Ginza Fujiyama is a kaiseki restaurant that opened up in Tokyo in March 2019. Subsequently (and after our meal there in November 2019), they acquired a * in the Michelin guide. Chef Takao Fujiyama was worked at Kodaiji Wakuden, a ** kaiseki restaurant in Kyoto, serving a few years as its head chef. Wakuden has had a long lineage of developing fine chefs, most famously Toshiro Ogata of Ogata fame, but also the chefs at Kiyama and Noguchi in Kyoto.
The cuisine leans toward more kaisai style, which means the flavors are more subtle and in line with Kyoto kaiseki restaurants than other Tokyo restaurants. The decor is also eminently Tokyo style, with the LOTR-style small doorways in the room. Apparently, Chef Fujiyama also imports his water from Kyoto for his dashi, among other things. He does not speak much English, but he was extremely friendly, and we were not the only foreigners dining there that evening.
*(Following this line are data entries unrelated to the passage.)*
lemma fourier_conv:
  fixes F b :: "'g \<Rightarrow> 'a::field"
  assumes periodic: "\<forall>x. \<forall>l\<in>L. F (x + l) = F x" and b: "finite {k. b k \<noteq> 0}" and \<chi>: "\<chi> \<in> chars"
  shows "(\<Sum>x\<in>reps. conv F b x * \<chi> (- x)) = (\<Sum>r\<in>reps. F r * \<chi> (- r)) * fourier_transform b \<chi>"
proof -
  define \<phi> where "\<phi> y = F y * \<chi> (- y)" for y
  have "\<chi> (- (x + l)) = \<chi> (- x)" if "l \<in> L" for x l
    using chars_periodic[OF \<chi>] add_subgroup_uminus_iff[OF add_subgroup, of l] that
    by (metis minus_add_distrib)
  then have \<phi>_periodic: "\<forall>x. \<forall>l\<in>L. \<phi> (x + l) = \<phi> x"
    using periodic by (simp add: \<phi>_def)
  have shift: "(\<Sum>x\<in>reps. F (x - k) * \<chi> (- x)) = (\<Sum>r\<in>reps. \<phi> r) * \<chi> (- k)" for k
  proof -
    have "F (x - k) * \<chi> (- x) = \<phi> (x + - k) * \<chi> (- k)" for x
      using is_char_add[of \<chi> "k - x" "- k"] \<chi> by (simp add: \<phi>_def chars_def)
    then have "(\<Sum>x\<in>reps. F (x - k) * \<chi> (- x)) = (\<Sum>x\<in>reps. \<phi> (x + - k)) * \<chi> (- k)"
      by (simp add: sum_distrib_right)
    then show ?thesis
      using sum_reps_shift[OF \<phi>_periodic, of "- k"] by simp
  qed
  have "(\<Sum>x\<in>reps. conv F b x * \<chi> (- x)) = (\<Sum>k | b k \<noteq> 0. b k * (\<Sum>x\<in>reps. F (x - k) * \<chi> (- x)))"
    unfolding conv_eq_sum[OF b subset_refl] sum_distrib_right sum_distrib_left
    by (subst sum.swap) (simp add: mult_ac)
  also have "\<dots> = (\<Sum>r\<in>reps. \<phi> r) * fourier_transform b \<chi>"
    unfolding shift fourier_transform_def by (simp add: sum_distrib_left mult_ac)
  finally show ?thesis
    unfolding \<phi>_def .
qed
We thought our meal here was spectacular, and my wife liked this meal the most of our 3 kaiseki meals during this trip. I don’t think he will have only * for long, but we will see.
A display of Taizagani or snow crab specifically from Taiza Harbor in the Kyotango area of Kyoto. I have only had taizagani previously at Kimoto. One unusual thing was that we ate crab at Fujiyama, but at the other two kaiseki restaurants, they were still serving fall courses (e.g., matsutake mushroom).
Started with the Sakezuki of Kyoto miso with Uni and Awabe
Seiko kani
Shirako soup with tofu This was their version of the quintessential Tokyo white miso soup and it was delicious and decadent.
Kanburi sashimi
Wife was minimizing raw fish so received cooked buri
Starting the prep of the taizagani
Raw crab legs about to be eaten
Soft tofu with pickled vegetables
The previously referenced Crab Legs cooked Shabu Shabu Style
Broth - unfortunately didn’t take notes, I believe this was tsubagai on this one but really nice
Crab sake (warm) @beefnoguy ever seen this before? It was interesting, but I thought at least a little gimmicky; it was mostly sake tasting with a little bit of crab broth if at all
Grilled taizagani leg
Grilled crab body with brain and ginseng
Soba with mushrooms and yamaimo
Karasumi
Now we had a choice of crab and egg with rice (basically an oyako don with crab) or crab soup, or both. We ordered one of each.
Pickles
Crab soup
Crab rice
This was fantastic!!
Chestnut (drool)
Passion fruit and persimmon
In all, the price was dear, but we each split a whole taiza crab, which I understand to be quite expensive, so we did get “value” for our money. Overall, this restaurant is a great addition to the Tokyo scene, and it is one of a few Kyoto style kaiseki restaurants (along with Miyasaka and Nanzenji Kyoto) that likely saves Tokyoites a 2-3 hour trip to Kyoto.